··· EXTRACTED RECORDS

lemma growth_sum_le_height:
  assumes vi: "valid_instance n h"
    and bound: "\<And>t j. t \<ge> 1 \<Longrightarrow> j \<in> {1..n} \<Longrightarrow> bamboo_height h \<sigma> j t \<le> H"
  shows "(\<Sum>j\<in>{1..n}. h j) \<le> H"
proof -
  have range: "0 < h j \<and> h j \<le> H" if "j \<in> {1..n}" for j
    using valid_instance_growth_range[OF vi that] growth_le_height[OF bound[OF _ that]] by simp
  have H_pos: "H > 0" using range[of 1] vi unfolding valid_instance_def by auto
  have "(\<Sum>j\<in>{1..n}. h j / H) \<le> (\<Sum>j\<in>{1..n}. 1 / real (max_gap H (h j)))"
    using range by (intro sum_mono inverse_max_gap_ge_ratio) auto
  with max_gap_density[OF vi bound] have "(\<Sum>j\<in>{1..n}. h j) / H \<le> 1"
    by (simp add: sum_divide_distrib[symmetric])
  with H_pos show ?thesis by (simp add: divide_le_eq)
qed

lemma dyadic_exponent_unique:
  fixes x :: real
  assumes "(1/2)^Suc k < x" "x \<le> (1/2)^k" "(1/2)^Suc k' < x" "x \<le> (1/2)^k'"
  shows "k = k'"
proof -
  have gap: "(1/2::real)^b \<le> (1/2)^Suc a" if "a < b" for a b :: nat
    using that by (intro power_decreasing) auto
  show ?thesis
  proof (rule linorder_cases[of k k'])
    assume "k < k'"
    with gap[of k k'] assms show ?thesis by linarith
  next
    assume "k' < k"
    with gap[of k' k] assms show ?thesis by linarith
  qed
qed

lemma h3''_eq:
  assumes "k \<ge> 1" "2/3 * (1/2)^k < h j" "h j \<le> (1/2)^k"
  shows "h3'' h j = (1/2)^k"
  unfolding h3''_def
proof (rule the_equality)
  fix x assume "\<exists>k'. k' \<ge> 1 \<and> 2/3 * (1/2)^k' < h j \<and> h j \<le> (1/2)^k' \<and> x = (1/2::real)^k'"
  then obtain k' where k': "2/3 * (1/2)^k' < h j" "h j \<le> (1/2)^k'" "x = (1/2::real)^k'"
    by blast
  have "k' = k" using k' assms by (intro dyadic_exponent_unique[of _ "h j"]) auto
  with k' show "x = (1/2)^k" by simp
qed (use assms in auto)

lemma h4''_eq:
  assumes "k \<ge> 1" "(1/2)^(k+1) < h j" "h j \<le> 2/3 * (1/2)^k"
  shows "h4'' h j = 2/3 * (1/2)^k"
  unfolding h4''_def
proof (rule the_equality)
  fix x assume "\<exists>k'. k' \<ge> 1 \<and> (1/2)^(k'+1) < h j \<and> h j \<le> 2/3 * (1/2)^k' \<and> x = 2/3 * (1/2::real)^k'"
  then obtain k' where k': "(1/2)^(k'+1) < h j" "h j \<le> 2/3 * (1/2)^k'" "x = 2/3 * (1/2::real)^k'"
    by blast
  have "k' = k" using k' assms by (intro dyadic_exponent_unique[of _ "h j"]) auto
  with k' show "x = 2/3 * (1/2)^k" by simp
qed (use assms in auto)

lemma h3''_le: "j \<in> S3 n h \<Longrightarrow> h3'' h j \<le> 3/2 * h j"
  unfolding S3_def by (auto simp: h3''_eq)

lemma h4''_le: "j \<in> S4 n h \<Longrightarrow> h4'' h j \<le> 3/2 * h j"
  unfolding S4_def by (auto simp: h4''_eq)

lemma S3_S4_disjoint: "S3 n h \<inter> S4 n h = {}"
proof -
  have False if "2/3 * (1/2)^k < x" "x \<le> (1/2)^k" "(1/2)^(k'+1) < x" "x \<le> 2/3 * (1/2::real)^k'"
    for x k k'
  proof -
    have "k = k'" using that by (intro dyadic_exponent_unique[of _ x]) auto
    with that show False by simp
  qed
  then show ?thesis unfolding S3_def S4_def by blast
qed

definition rest_bamboos :: "nat \<Rightarrow> (nat \<Rightarrow> real) \<Rightarrow> nat set" where
  "rest_bamboos n h = {1..n} - insert 1 (S2 n h)"

lemma sum_split_rest_bamboos:
  assumes "valid_instance n h"
  shows "(\<Sum>j\<in>{1..n}. F j) = F 1 + (\<Sum>j\<in>S2 n h. F j) + (\<Sum>j\<in>rest_bamboos n h. F j)"
proof -
  have "1 \<in> {1..n}" "1 \<notin> S2 n h" "S2 n h \<subseteq> {1..n}"
    using assms unfolding valid_instance_def S2_def by auto
  then have "(\<Sum>j\<in>{1..n}. F j) = (\<Sum>j\<in>rest_bamboos n h. F j) + (\<Sum>j\<in>insert 1 (S2 n h). F j)"
    unfolding rest_bamboos_def by (intro sum.subset_diff) auto
  with \<open>1 \<notin> S2 n h\<close> \<open>S2 n h \<subseteq> {1..n}\<close> show ?thesis
    by (simp add: finite_subset add.commute)
qed

lemma S1_S3_S4_disjoint: "S1 n h \<inter> (S3 n h \<union> S4 n h) = {}"
  unfolding S1_def S3_def S4_def by auto

lemma S1_S3_S4_subset_rest_bamboos:
  assumes "valid_instance n h"
  shows "(S1 n h - {1}) \<union> (S3 n h \<union> S4 n h) \<subseteq> rest_bamboos n h"
proof
  fix j assume j: "j \<in> (S1 n h - {1}) \<union> (S3 n h \<union> S4 n h)"
  have "h 1 = 1" using assms unfolding valid_instance_def by simp
  with j have "j \<in> {1..n}" "j \<noteq> 1" unfolding S1_def S3_def S4_def by auto
  moreover have "j \<notin> S2 n h" using j unfolding S1_def S2_def S3_def S4_def by auto
  ultimately show "j \<in> rest_bamboos n h" by (simp add: rest_bamboos_def)
qed
(* Let $d\ge1$ and $1<p_1<p<p_2<\infty$. Then there exists a Young function $\Phi$ with $L^\Phi(\mathbb R^d)=L^p(\mathbb R^d)$, $q_\Phi=p_1$ and $p_\Phi=p_2$.
   Context: A Young function is a convex function $\Phi:[0,\infty)\to[0,\infty)$ with $\Phi(0)=0$, $\Phi(t)>0$ for $t>0$, and $\lim_{t\to\infty}\Phi(t)=\infty$. $\Phi'$ denotes the right derivative of $\Phi$. The Lebesgue exponents of $\Phi$ are $p_\Phi=\sup_{t>0}\frac{t\Phi'(t)}{\Phi(t)}$ and $q_\Phi=\inf_{t>0}\frac{t\Phi'(t)}{\Phi(t)}$. For a measurable $f$ on $\mathbb R^d$, $\rho_\Phi(f)=\int_{\mathbb R^d}\Phi(|f(x)|)\,dx$, the Luxemburg norm is $\|f\|_{L^\Phi}=\inf\{\lambda>0:\rho_\Phi(f/\lambda)\le1\}$, and the Orlicz space $L^\Phi(\mathbb R^d)$ consists of (classes of) measurable $f$ with $\|f\|_{L^\Phi}<\infty$. *)

theory Defs
  imports "HOL-Analysis.Analysis"
begin

definition young_function :: "(real \<Rightarrow> real) \<Rightarrow> bool" where
  "young_function \<Phi> \<longleftrightarrow>
     convex_on {0..} \<Phi> \<and> \<Phi> 0 = 0 \<and> (\<forall>t>0. \<Phi> t > 0) \<and> filterlim \<Phi> at_top at_top"

definition right_deriv :: "(real \<Rightarrow> real) \<Rightarrow> real \<Rightarrow> real" where
  "right_deriv \<Phi> t = Lim (at_right t) (\<lambda>s. (\<Phi> s - \<Phi> t) / (s - t))"

text \<open>Lebesgue exponents (as extended reals, so that sup/inf are always meaningful).\<close>
definition upper_exponent :: "(real \<Rightarrow> real) \<Rightarrow> ereal" where
  "upper_exponent \<Phi> = (SUP t\<in>{0<..}. ereal (t * right_deriv \<Phi> t / \<Phi> t))"

definition lower_exponent :: "(real \<Rightarrow> real) \<Rightarrow> ereal" where
  "lower_exponent \<Phi> = (INF t\<in>{0<..}. ereal (t * right_deriv \<Phi> t / \<Phi> t))"

definition orlicz_modular :: "(real \<Rightarrow> real) \<Rightarrow> ('a::euclidean_space \<Rightarrow> real) \<Rightarrow> ennreal" where
  "orlicz_modular \<Phi> f = (\<integral>\<^sup>+ x. ennreal (\<Phi> \<bar>f x\<bar>) \<partial>lebesgue)"

definition luxemburg_norm :: "(real \<Rightarrow> real) \<Rightarrow> ('a::euclidean_space \<Rightarrow> real) \<Rightarrow> ennreal" where
  "luxemburg_norm \<Phi> f =
     (INF c\<in>{c::real. c > 0 \<and> orlicz_modular \<Phi> (\<lambda>x. f x / c) \<le> 1}. ennreal c)"

definition orlicz_space :: "(real \<Rightarrow> real) \<Rightarrow> ('a::euclidean_space \<Rightarrow> real) set" where
  "orlicz_space \<Phi> = {f \<in> borel_measurable lebesgue. luxemburg_norm \<Phi> f < \<infinity>}"

definition Lp_space :: "real \<Rightarrow> ('a::euclidean_space \<Rightarrow> real) set" where
  "Lp_space p = {f \<in> borel_measurable lebesgue. (\<integral>\<^sup>+ x. ennreal (\<bar>f x\<bar> powr p) \<partial>lebesgue) < \<infinity>}"

end

theory Submission
  imports Defs
begin

text \<open>
  The Young function is a power perturbed on the logarithmic scale, \<Phi>(t) = t^p exp(G(ln t))
  (perturbed_power), where G (log_weight) is a primitive of h(s) = u k(s/L) for s \<ge> 0 and
  h(s) = v k(s/L) for s < 0 (deviation), and k(x) = x exp((1 - x^2)/2) (bump) is odd with values
  in [-1, 1] and k(1) = 1.
  Then t \<Phi>'(t) / \<Phi>(t) = p + h(ln t) has supremum p + u and infimum p - v. As k has a bounded
  primitive, G is bounded, so \<Phi> is comparable to t^p and the Orlicz space is L^p.
  Convexity means that \<Phi>'(e^s) = exp((p - 1) s + G(s)) (p + h(s)) increases in s; its derivative
  is exp(...) ((p + h - 1)(p + h) + h'), where p + h \<ge> p - v > 1 and h' = O(1/L), so it is
  nonnegative once L is large.
\<close>

section \<open>Derivatives and Orlicz spaces of power type\<close>

lemma DERIV_imp_right_deriv:
  assumes "(f has_real_derivative D) (at t)"
  shows "right_deriv f t = D"
proof -
  have "((\<lambda>s. (f s - f t) / (s - t)) \<longlongrightarrow> D) (at t)"
    using assms by (simp add: has_field_derivative_iff)
  then have "((\<lambda>s. (f s - f t) / (s - t)) \<longlongrightarrow> D) (at_right t)"
    by (rule tendsto_mono [rotated]) (simp add: at_le)
  then show ?thesis
    unfolding right_deriv_def by (intro tendsto_Lim) auto
qed

lemma has_real_derivative_zero_at_zeroI:
  fixes f :: "real \<Rightarrow> real"
  assumes vanish: "\<And>t. t \<le> 0 \<Longrightarrow> f t = 0"
    and bound: "\<And>t. 0 < t \<Longrightarrow> \<bar>f t\<bar> \<le> C * t powr q" and "1 < q"
  shows "(f has_real_derivative 0) (at 0)"
proof -
  have "0 \<le> C"
    using bound [of 1] by simp
  have quotient_bound: "norm ((f t - f 0) / (t - 0)) \<le> C * \<bar>t\<bar> powr (q - 1)" for t
  proof (cases "0 < t")
    case True
    then have "\<bar>f t\<bar> / t \<le> C * t powr q / t"
      by (intro divide_right_mono bound) auto
    moreover have "t powr (q - 1) = t powr q / t"
      using True by (simp add: powr_diff)
    ultimately show ?thesis
      using True vanish [of 0] by simp
  next
    case False
    with vanish \<open>0 \<le> C\<close> show ?thesis
      by simp
  qed
  have "((\<lambda>t. C * \<bar>t\<bar> powr (q - 1)) \<longlongrightarrow> C * 0) (at 0)"
    using \<open>1 < q\<close>
    by (intro tendsto_mult tendsto_const tendsto_zero_powrI tendsto_rabs_zero tendsto_ident_at) auto
  then have "((\<lambda>t. C * \<bar>t\<bar> powr (q - 1)) \<longlongrightarrow> 0) (at 0)"
    by simp
  then show ?thesis
    unfolding has_field_derivative_iff
    by (rule Lim_null_comparison [OF always_eventually, rotated]) (use quotient_bound in auto)
qed

lemma luxemburg_norm_finite_iff:
  "luxemburg_norm \<Phi> f < \<infinity> \<longleftrightarrow> (\<exists>c>0. orlicz_modular \<Phi> (\<lambda>x. f x / c) \<le> 1)"
proof
  assume "luxemburg_norm \<Phi> f < \<infinity>"
  then show "\<exists>c>0. orlicz_modular \<Phi> (\<lambda>x. f x / c) \<le> 1"
    unfolding luxemburg_norm_def
    by (metis (no_types, lifting) Collect_empty_eq INF_empty infinity_ennreal_def less_irrefl)
next
  assume "\<exists>c>0. orlicz_modular \<Phi> (\<lambda>x. f x / c) \<le> 1"
  then obtain c where "c > 0" "orlicz_modular \<Phi> (\<lambda>x. f x / c) \<le> 1"
    by blast
  then have "luxemburg_norm \<Phi> f \<le> ennreal c"
    unfolding luxemburg_norm_def by (intro INF_lower) simp
  also have "\<dots> < \<infinity>"
    by simp
  finally show "luxemburg_norm \<Phi> f < \<infinity>" .
qed
lemma integrable_indicator_ess_bounded:
  fixes f :: "'a::euclidean_space \<Rightarrow> 'b::{banach, second_countable_topology}"
  assumes "f \<in> borel_measurable borel" "AE x in lborel. norm (f x) \<le> B"
    and "bounded A" "A \<in> sets borel"
  shows "integrable lborel (\<lambda>x. indicator A x *\<^sub>R f x)"
proof (rule Bochner_Integration.integrable_bound[where f="\<lambda>x. indicator A x * \<bar>B\<bar>"])
  show "integrable lborel (\<lambda>x. indicator A x * \<bar>B\<bar>)"
    using assms by (auto intro!: emeasure_bounded_finite integrable_mult_left)
  show "AE x in lborel. norm (indicator A x *\<^sub>R f x) \<le> norm (indicator A x * \<bar>B\<bar>)"
    using assms(2) by eventually_elim (auto split: split_indicator)
qed (use assms in measurable)

lemma AE_pair_fst:
  assumes "Measurable.pred lborel P" "AE x in lborel. P x"
  shows "AE z in lborel \<Otimes>\<^sub>M lborel. P (fst z)"
proof (rule lborel_pair.AE_pair_measure)
  have [measurable]: "Measurable.pred lborel P" by fact
  show "{z \<in> space (lborel \<Otimes>\<^sub>M lborel). P (fst z)} \<in> sets (lborel \<Otimes>\<^sub>M lborel)"
    by measurable
qed (use assms in auto)

lemma AE_pair_snd:
  assumes "Measurable.pred lborel P" "AE x in lborel. P x"
  shows "AE z in lborel \<Otimes>\<^sub>M lborel. P (snd z)"
proof (rule lborel_pair.AE_pair_measure)
  have [measurable]: "Measurable.pred lborel P" by fact
  show "{z \<in> space (lborel \<Otimes>\<^sub>M lborel). P (snd z)} \<in> sets (lborel \<Otimes>\<^sub>M lborel)"
    by measurable
qed (use assms in auto)

lemma borel_measurable_indicator_between[measurable]:
  fixes l u :: "real \<Rightarrow> real"
  assumes [measurable]: "l \<in> borel_measurable borel" "u \<in> borel_measurable borel"
  shows "(\<lambda>z. indicator {l (fst z)..u (fst z)} (snd z) :: real) \<in> borel_measurable (lborel \<Otimes>\<^sub>M lborel)"
proof -
  have "(\<lambda>z. indicator {l (fst z)..u (fst z)} (snd z) :: real)
      = (\<lambda>z. if l (fst z) \<le> snd z \<and> snd z \<le> u (fst z) then 1 else 0)"
    by (auto simp: indicator_def)
  then show ?thesis by simp
qed

lemma nonpos_if_le_linear:
  fixes A M c :: real
  assumes "0 < c" and le: "\<And>t. 0 < t \<Longrightarrow> t \<le> c \<Longrightarrow> A \<le> t * M"
  shows "A \<le> 0"
proof (rule ccontr)
  assume "\<not> A \<le> 0"
  define t where "t = min c (A / (\<bar>M\<bar> + 1))"
  have "0 < t" using \<open>\<not> A \<le> 0\<close> \<open>0 < c\<close> by (simp add: t_def)
  have "t * M < t * (\<bar>M\<bar> + 1)" using \<open>0 < t\<close> by (intro mult_strict_left_mono) auto
  also have "\<dots> \<le> A"
    using min.cobounded2[of c "A / (\<bar>M\<bar> + 1)"] pos_le_divide_eq[of "\<bar>M\<bar> + 1" t A]
    by (simp add: t_def)
  finally show False using le[OF \<open>0 < t\<close>] by (simp add: t_def)
qed

section \<open>The planar cross product and the quarter turn\<close>

lemma cross2_bound: "\<bar>cross2 v w\<bar> \<le> norm v * norm w"
proof -
  obtain a b c d where v: "v = (a, b)" and w: "w = (c, d)" by (cases v, cases w)
  have "(a*d - b*c)\<^sup>2 \<le> (a\<^sup>2 + b\<^sup>2) * (c\<^sup>2 + d\<^sup>2)"
    using sum_squares_ge_zero[of "a*c + b*d" 0] by (simp add: algebra_simps power2_eq_square)
  then have "sqrt ((a*d - b*c)\<^sup>2) \<le> sqrt ((a\<^sup>2 + b\<^sup>2) * (c\<^sup>2 + d\<^sup>2))" by (rule real_sqrt_le_mono)
  then show ?thesis by (simp add: v w cross2_def norm_Pair real_sqrt_mult)
qed

lemma cross2_add_left: "cross2 (u + v) w = cross2 u w + cross2 v w"
  and cross2_diff_left: "cross2 (u - v) w = cross2 u w - cross2 v w"
  and cross2_add_right: "cross2 u (v + w) = cross2 u v + cross2 u w"
  and cross2_scaleR_left: "cross2 (r *\<^sub>R v) w = r * cross2 v w"
  and cross2_scaleR_right: "cross2 v (r *\<^sub>R w) = r * cross2 v w"
  and cross2_minus_left: "cross2 (- v) w = - cross2 v w"
  and cross2_minus_right: "cross2 v (- w) = - cross2 v w"
  and cross2_commute: "cross2 v w = - cross2 w v"
  by (auto simp: cross2_def algebra_simps)

lemma bounded_linear_cross2: "bounded_linear (cross2 v)"
proof (rule bounded_linear_intro[where K="norm v"])
  show "norm (cross2 v w) \<le> norm w * norm v" for w
    using cross2_bound[of v w] by (simp add: mult.commute)
qed (simp_all add: cross2_add_right cross2_scaleR_right)

lemma borel_measurable_cross2[measurable]:
  assumes "f \<in> borel_measurable M" "g \<in> borel_measurable M"
  shows "(\<lambda>x. cross2 (f x) (g x)) \<in> borel_measurable M"
proof -
  have [measurable]: "f \<in> M \<rightarrow>\<^sub>M borel \<Otimes>\<^sub>M borel" "g \<in> M \<rightarrow>\<^sub>M borel \<Otimes>\<^sub>M borel"
    using assms by (simp_all add: borel_prod)
  show ?thesis unfolding cross2_def by measurable
qed

definition rot90 :: "real \<times> real \<Rightarrow> real \<times> real" where
  "rot90 v = (- snd v, fst v)"

lemma borel_measurable_rot90[measurable]:
  assumes "f \<in> borel_measurable M"
  shows "(\<lambda>x. rot90 (f x)) \<in> borel_measurable M"
proof -
  have [measurable]: "f \<in> M \<rightarrow>\<^sub>M borel \<Otimes>\<^sub>M borel" using assms by (simp add: borel_prod)
  have "(\<lambda>x. rot90 (f x)) \<in> M \<rightarrow>\<^sub>M borel \<Otimes>\<^sub>M borel" unfolding rot90_def by measurable
  then show ?thesis by (simp add: borel_prod)
qed

lemma cross2_rot90_left: "cross2 (rot90 v) w = - (v \<bullet> w)"
  by (cases v, cases w) (simp add: rot90_def cross2_def inner_Pair)

lemma norm_rot90: "norm (rot90 v) = norm v"
  by (cases v) (simp add: rot90_def norm_Pair add.commute)

lemma rot90_minus: "rot90 (- v) = - rot90 v"
  by (simp add: rot90_def)

lemma norm_le_1_iff_sum_squares: "norm (v :: real \<times> real) \<le> 1 \<longleftrightarrow> (fst v)\<^sup>2 + (snd v)\<^sup>2 \<le> 1"
  by (cases v) (simp add: norm_Pair real_norm_def)

lemma norm_scaleR_add_rot90: "norm (a *\<^sub>R v + b *\<^sub>R rot90 v) = sqrt (a\<^sup>2 + b\<^sup>2) * norm v"
  by (cases v) (simp add: rot90_def norm_Pair real_sqrt_mult[symmetric] algebra_simps power2_eq_square)

lemma perturbation_coeffs_le_1:
  fixes t \<sigma> \<theta> :: real
  assumes "0 < t" "t \<le> 1/2" "\<sigma> = 0 \<or> \<sigma> = 1" "\<bar>\<theta>\<bar> \<le> 1"
  shows "(1 - t\<^sup>2 - t * \<sigma>)\<^sup>2 + (t * \<theta>)\<^sup>2 \<le> 1"
proof -
  have "(t * \<theta>)\<^sup>2 \<le> t\<^sup>2"
    using assms(4) abs_square_le_1[of \<theta>] by (simp add: power_mult_distrib mult_left_le)
  moreover have "(1 - t\<^sup>2 - t * \<sigma>)\<^sup>2 + t\<^sup>2 \<le> 1"
    using assms(3)
  proof
    assume "\<sigma> = 0"
    have "t\<^sup>2 * t\<^sup>2 \<le> t\<^sup>2"
      using assms(1,2) by (intro mult_left_le) (auto simp: power_le_one)
    then show ?thesis using \<open>\<sigma> = 0\<close> by (simp add: power2_eq_square algebra_simps)
  next
    assume "\<sigma> = 1"
    have "t * t \<le> 1/2 * (1/2)" "t * t * t \<le> 1/2 * (1/2) * (1/2)"
      using assms(1,2) by (intro mult_mono; simp)+
    then have "0 \<le> t * (2 - 2 * (t * t) - t * t * t)"
      using assms(1) by (intro mult_nonneg_nonneg) auto
    then show ?thesis using \<open>\<sigma> = 1\<close> by (simp add: power2_eq_square algebra_simps)
  qed
  ultimately show ?thesis by linarith
qed

section \<open>Essentially bounded fields and admissible perturbations\<close>

definition ess_bounded :: "(real \<Rightarrow> real \<times> real) \<Rightarrow> real \<Rightarrow> bool" where
  "ess_bounded g B \<longleftrightarrow> g \<in> borel_measurable borel \<and> (AE x in lborel. norm (g x) \<le> B)"

lemma
  assumes "ess_bounded g B"
  shows ess_bounded_borel: "g \<in> borel_measurable borel"
    and ess_bounded_AE: "AE x in lborel. norm (g x) \<le> B"
  using assms by (simp_all add: ess_bounded_def)

lemma ess_bounded_mono: "ess_bounded g B \<Longrightarrow> B \<le> B' \<Longrightarrow> ess_bounded g B'"
  unfolding ess_bounded_def by (auto elim!: eventually_mono)

lemma ess_bounded_add: "ess_bounded g B \<Longrightarrow> ess_bounded h B' \<Longrightarrow> ess_bounded (\<lambda>x. g x + h x) (B + B')"
  unfolding ess_bounded_def
  by (auto elim!: eventually_elim2 intro: norm_triangle_le add_mono)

······

Wherever a line of the data above contains "longleftrightarrow", copy that line.

  "young_function \<Phi> \<longleftrightarrow>
  "luxemburg_norm \<Phi> f < \<infinity> \<longleftrightarrow> (\<exists>c>0. orlicz_modular \<Phi> (\<lambda>x. f x / c) \<le> 1)"
lemma norm_le_1_iff_sum_squares: "norm (v :: real \<times> real) \<le> 1 \<longleftrightarrow> (fst v)\<^sup>2 + (snd v)\<^sup>2 \<le> 1"
  "ess_bounded g B \<longleftrightarrow> g \<in> borel_measurable borel \<and> (AE x in lborel. norm (g x) \<le> B)"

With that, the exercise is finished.